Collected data

--

lemma bij_betw_side: "bij_betw (\<lambda>w. {w, mate w}) side (M - {{x, mate x}})"
  unfolding bij_betw_def
proof
  show "inj_on (\<lambda>w. {w, mate w}) side"
  proof (rule inj_onI)
    fix w t assume w: "w \<in> side" and t: "t \<in> side" and eq: "{w, mate w} = {t, mate t}"
    have "apart x w" using w unfolding side_def by blast
    have "t \<noteq> mate w" using in_side_iff_mate_notin[OF \<open>apart x w\<close>] w t by blast
    then show "w = t" using eq by (auto simp: doubleton_eq_iff)
  qed
  show "(\<lambda>w. {w, mate w}) ` side = M - {{x, mate x}}"
  proof (intro set_eqI iffI)
    fix m assume "m \<in> (\<lambda>w. {w, mate w}) ` side"
    then obtain w where w: "w \<in> side" "m = {w, mate w}" by blast
    then have "apart x w" unfolding side_def by blast
    then show "m \<in> M - {{x, mate x}}"
      using w mate_in_M[OF apart_verts(2)] apart_distinct[OF \<open>apart x w\<close>] by (auto simp: doubleton_eq_iff)
  next
    fix m assume m: "m \<in> M - {{x, mate x}}"
    obtain a where a: "a \<in> m" using m M_subset_edges card_edge by (metis DiffD1 card_2_iff insertI1 subsetD)
    have aV: "a \<in> verts G" using a m Union_M by blast
    have m_eq: "m = {a, mate a}" using M_edge_eq a m by blast
    then have "apart x a" using m aV verts_xyz(1) mate_mate unfolding apart_def by auto
    show "m \<in> (\<lambda>w. {w, mate w}) ` side"
    proof (cases "a \<in> side")
      case True
      then show ?thesis using m_eq by blast
    next
      case False
      then have "mate a \<in> side" using in_side_iff_mate_notin[OF \<open>apart x a\<close>] by blast
      moreover have "m = {mate a, mate (mate a)}" using m_eq aV by (simp add: insert_commute)
      ultimately show ?thesis by blast
    qed
  qed
qed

--

Instructions for the task:
Give back precisely the lines above that start at the line containing "w unfolding side_def by blast" and end at the line containing "a\<close>] by blast", inclusive. No other lines belong in the output.

Answer box:
    have "apart x w" using w unfolding side_def by blast
    have "t \<noteq> mate w" using in_side_iff_mate_notin[OF \<open>apart x w\<close>] w t by blast
    then show "w = t" using eq by (auto simp: doubleton_eq_iff)
  qed
  show "(\<lambda>w. {w, mate w}) ` side = M - {{x, mate x}}"
  proof (intro set_eqI iffI)
    fix m assume "m \<in> (\<lambda>w. {w, mate w}) ` side"
    then obtain w where w: "w \<in> side" "m = {w, mate w}" by blast
    then have "apart x w" unfolding side_def by blast
    then show "m \<in> M - {{x, mate x}}"
      using w mate_in_M[OF apart_verts(2)] apart_distinct[OF \<open>apart x w\<close>] by (auto simp: doubleton_eq_iff)
  next
    fix m assume m: "m \<in> M - {{x, mate x}}"
    obtain a where a: "a \<in> m" using m M_subset_edges card_edge by (metis DiffD1 card_2_iff insertI1 subsetD)
    have aV: "a \<in> verts G" using a m Union_M by blast
    have m_eq: "m = {a, mate a}" using M_edge_eq a m by blast
    then have "apart x a" using m aV verts_xyz(1) mate_mate unfolding apart_def by auto
    show "m \<in> (\<lambda>w. {w, mate w}) ` side"
    proof (cases "a \<in> side")
      case True
      then show ?thesis using m_eq by blast
    next
      case False
      then have "mate a \<in> side" using in_side_iff_mate_notin[OF \<open>apart x a\<close>] by blast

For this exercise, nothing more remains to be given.